Friday, April 13, 2018

Scholastic book cover: "Hammerin' Hank of the Braves"

There's an "anniversary factor" to this post. It was 64 years ago today — April 13, 1954 — that Henry Louis "Hank" Aaron made his debut in Major League Baseball. The 20-year-old went for 0-for-5 while playing left field and batting fifth for the Milwaukee Braves in their 9-8 loss to the Cincinnati Reds.

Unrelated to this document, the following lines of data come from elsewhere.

lemma nn_integral_visit_exchange:
  fixes P :: "'a \<Rightarrow> bool" and h :: "'a \<Rightarrow> ennreal" and i k :: nat
  assumes [measurable]: "Measurable.pred M P" "h \<in> borel_measurable M"
    and "emeasure M {x \<in> space M. P x} \<noteq> 0" and "i < k"
  shows "(\<integral>\<^sup>+\<omega>. (if enumerate {j. P (\<omega> j)} n = k then h (\<omega> i) else 0) \<partial>PiM UNIV (\<lambda>_. M))
       = (\<integral>\<^sup>+\<omega>. (if enumerate {j. P (\<omega> j)} n = k then h (\<omega> 0) else 0) \<partial>PiM UNIV (\<lambda>_. M))"
proof -
  let ?\<Omega> = "PiM UNIV (\<lambda>_::nat. M)"
  let ?F = "\<lambda>\<omega>. if enumerate {j. P (\<omega> j)} n = k then h (\<omega> 0) else 0"
  define \<sigma> where "\<sigma> = Transposition.transpose 0 i"
  have \<sigma>: "\<sigma> permutes {..<k}"
    unfolding \<sigma>_def using assms(4) by (intro permutes_swap_id) auto
  have "AE \<omega> in ?\<Omega>. ?F (\<omega> \<circ> \<sigma>) = (if enumerate {j. P (\<omega> j)} n = k then h (\<omega> i) else 0)"
    using AE_PiM_infinitely_often[OF assms(1,3)]
  proof eventually_elim
    case (elim \<omega>)
    moreover have "{j. P ((\<omega> \<circ> \<sigma>) j)} = \<sigma> -` {j. P (\<omega> j)}" by auto
    ultimately have "enumerate {j. P ((\<omega> \<circ> \<sigma>) j)} n = k \<longleftrightarrow> enumerate {j. P (\<omega> j)} n = k"
      using enumerate_permutes_eq_iff[OF _ \<sigma>] by metis
    moreover have "\<sigma> 0 = i" by (simp add: \<sigma>_def)
    ultimately show ?case by simp
  qed
  have "(\<integral>\<^sup>+\<omega>. ?F \<omega> \<partial>?\<Omega>) = (\<integral>\<^sup>+\<omega>. ?F \<omega> \<partial>distr ?\<Omega> ?\<Omega> (\<lambda>\<omega>. \<omega> \<circ> \<sigma>))"
    using permutes_inj[OF \<sigma>] by (simp add: distr_PiM_comp_inj)
  also have "\<dots> = (\<integral>\<^sup>+\<omega>. ?F (\<omega> \<circ> \<sigma>) \<partial>?\<Omega>)"
    by (intro nn_integral_distr measurable_PiM_single') (auto simp: space_PiM)
  also have "\<dots> = (\<integral>\<^sup>+\<omega>. (if enumerate {j. P (\<omega> j)} n = k then h (\<omega> i) else 0) \<partial>?\<Omega>)"
    by (rule nn_integral_cong_AE) fact
  finally show ?thesis ..
qed

lemma nn_integral_visit_average:
  fixes P :: "'a \<Rightarrow> bool" and h :: "'a \<Rightarrow> ennreal" and N k :: nat
  assumes [measurable]: "Measurable.pred M P" "h \<in> borel_measurable M"
    and visits: "emeasure M {x \<in> space M. P x} \<noteq> 0" and "0 < N"
  shows "(\<integral>\<^sup>+\<omega>. (if enumerate {j. P (\<omega> j)} N = k then (\<Sum>i<k. h (\<omega> i)) / of_nat k else 0)
            \<partial>PiM UNIV (\<lambda>_. M))
       = (\<integral>\<^sup>+\<omega>. (if enumerate {j. P (\<omega> j)} N = k then h (\<omega> 0) else 0) \<partial>PiM UNIV (\<lambda>_. M))"
proof (cases "k = 0")
  case True
  have "AE \<omega> in PiM UNIV (\<lambda>_::nat. M). enumerate {j. P (\<omega> j)} N \<noteq> 0"
    using AE_PiM_infinitely_often[OF assms(1) visits]
  proof eventually_elim
    case (elim \<omega>)
    then show ?case
      using le_enumerate[of "{j. P (\<omega> j)}" N] \<open>0 < N\<close> by simp
  qed
  with True show ?thesis
    by (intro nn_integral_cong_AE) auto
next
  case False
  let ?\<Omega> = "PiM UNIV (\<lambda>_::nat. M)" and ?E = "\<lambda>\<omega>. enumerate {j. P (\<omega> j)} N = k"
  have "(\<integral>\<^sup>+\<omega>. (if ?E \<omega> then (\<Sum>i<k. h (\<omega> i)) / of_nat k else 0) \<partial>?\<Omega>)
      = (\<integral>\<^sup>+\<omega>. (\<Sum>i<k. if ?E \<omega> then h (\<omega> i) else 0) / of_nat k \<partial>?\<Omega>)"
    by (intro nn_integral_cong) simp
  also have "\<dots> = (\<Sum>i<k. \<integral>\<^sup>+\<omega>. (if ?E \<omega> then h (\<omega> i) else 0) \<partial>?\<Omega>) / of_nat k"
    by (simp add: nn_integral_divide nn_integral_sum)
  also have "\<dots> = (\<Sum>i<k. \<integral>\<^sup>+\<omega>. (if ?E \<omega> then h (\<omega> 0) else 0) \<partial>?\<Omega>) / of_nat k"
    by (subst sum.cong[OF refl nn_integral_visit_exchange[OF assms(1,2) visits]]) auto
  also have "\<dots> = (\<integral>\<^sup>+\<omega>. (if ?E \<omega> then h (\<omega> 0) else 0) \<partial>?\<Omega>)"
    using False by (simp add: mult.commute[of "of_nat k :: ennreal"] ennreal_mult_divide_eq)
  finally show ?thesis .
qed

lemma nn_integral_mean_before_visit:
  fixes P :: "'a \<Rightarrow> bool" and h :: "'a \<Rightarrow> ennreal" and N :: nat
  assumes [measurable]: "Measurable.pred M P" "h \<in> borel_measurable M"
    and visits: "emeasure M {x \<in> space M. P x} \<noteq> 0" and "0 < N"
  shows "(\<integral>\<^sup>+\<omega>. (\<Sum>i<enumerate {j. P (\<omega> j)} N. h (\<omega> i)) / of_nat (enumerate {j. P (\<omega> j)} N)
            \<partial>PiM UNIV (\<lambda>_. M)) = integral\<^sup>N M h"
proof -
  interpret iid: product_prob_space "\<lambda>_::nat. M" UNIV ..
  let ?\<Omega> = "PiM UNIV (\<lambda>_::nat. M)"
  define \<tau> where "\<tau> \<omega> = enumerate {j. P (\<omega> j)} N" for \<omega> :: "nat \<Rightarrow> 'a"
  have [measurable]: "\<tau> \<in> measurable ?\<Omega> (count_space UNIV)"
    unfolding \<tau>_def by measurable
  have single: "(\<Sum>k. if \<tau> \<omega> = k then F k else 0) = F (\<tau> \<omega>)" for \<omega> and F :: "nat \<Rightarrow> ennreal"
    using sums_single[of "\<tau> \<omega>" F] by (simp add: sums_iff eq_commute)
  have "(\<integral>\<^sup>+\<omega>. (\<Sum>i<\<tau> \<omega>. h (\<omega> i)) / of_nat (\<tau> \<omega>) \<partial>?\<Omega>)
      = (\<integral>\<^sup>+\<omega>. (\<Sum>k. if \<tau> \<omega> = k then (\<Sum>i<k. h (\<omega> i)) / of_nat k else 0) \<partial>?\<Omega>)"
    by (simp only: single)
  also have "\<dots> = (\<Sum>k. \<integral>\<^sup>+\<omega>. (if \<tau> \<omega> = k then (\<Sum>i<k. h (\<omega> i)) / of_nat k else 0) \<partial>?\<Omega>)"
    by (intro nn_integral_suminf) measurable
  also have "\<dots> = (\<Sum>k. \<integral>\<^sup>+\<omega>. (if \<tau> \<omega> = k then h (\<omega> 0) else 0) \<partial>?\<Omega>)"
    unfolding \<tau>_def using nn_integral_visit_average[OF assms] by simp
  also have "\<dots> = (\<integral>\<^sup>+\<omega>. (\<Sum>k. if \<tau> \<omega> = k then h (\<omega> 0) else 0) \<partial>?\<Omega>)"
    by (intro nn_integral_suminf[symmetric]) measurable
  also have "\<dots> = (\<integral>\<^sup>+\<omega>. h (\<omega> 0) \<partial>?\<Omega>)"
    by (simp only: single)
  also have "\<dots> = integral\<^sup>N M h"
    using nn_integral_distr[of "\<lambda>\<omega>. \<omega> 0" ?\<Omega> M h] by (simp add: iid.PiM_component)
  finally show ?thesis by (simp add: \<tau>_def)
qed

  • Title: Hammerin' Hank of the Braves
  • Author: Joel H. Cohen
  • Cover photograph: Wide World News Photo Service
  • Publisher: Scholastic Book Services (TK 1838)
  • Cover price: 75 cents
  • Year: Fourth printing, September 1973 [book first published in 1971]
  • Pages: 176
  • Format: Paperback
  • First sentences: Hank had wanted it to happen at home at Atlanta Stadium. Now he just wanted it to happen. "It" was the 3,000th base hit of his major-league career — the hit that, until then, had been reached by only seven other great hitters in the entire history of baseball.
  • Last sentence: It's a safe bet that Hammerin' Hank, one of the greatest who ever put wood to horsehide, will keep looking for ways to improve on his near perfection until the sad day when he hangs up Number 44 for the last time.
  • Random sentence from middle: The most drastic shift used against Hank was fielded by Cincinnati in a game on June 30, 1969, when Manager Dave Bristol added a fourth outfielder against him.
  • Rating on Amazon: There are only two reviews. Both are five stars.
  • Amazon review: In 2016, Hawkins wrote: "I bought this book from SBS in 1971 when it was first published, and I was 11 years old. It was entertaining, and turned me into a Hank Aaron fan for life. Mr. Aaron is more than a gifted ball player. He is the kind of role model kids today need more of."
  • Notes: This fourth printing has an introduction, "Countdown to Glory," that discusses Aaron's pursuit of Babe Ruth's career record for home runs during the 1973 season. But it was clearly penned before it was known whether Aaron would reach or pass the record that season. In fact, he did not tie and pass Ruth until April 1974. The book includes Aaron's batting statistics through the 1970 season. But, oddly, it also includes his fielding statistics through the 1972 season. ... Author Joel H. Cohen wrote numerous sports books during the 1970s on the likes of Steve Garvey, Joe Morgan, Oscar Robertson, Manny Sanguillen, Jim Palmer, Johnny Unitas and Tom Seaver. He also wrote about Lucille Ball, The Six Million Dollar Man, and Bill Cosby. He is, I believe, a different Joel H. Cohen than the Joel H. Cohen who is a writer for The Simpsons and also different than the screenwriter Joel Cohen who co-wrote Toy Story.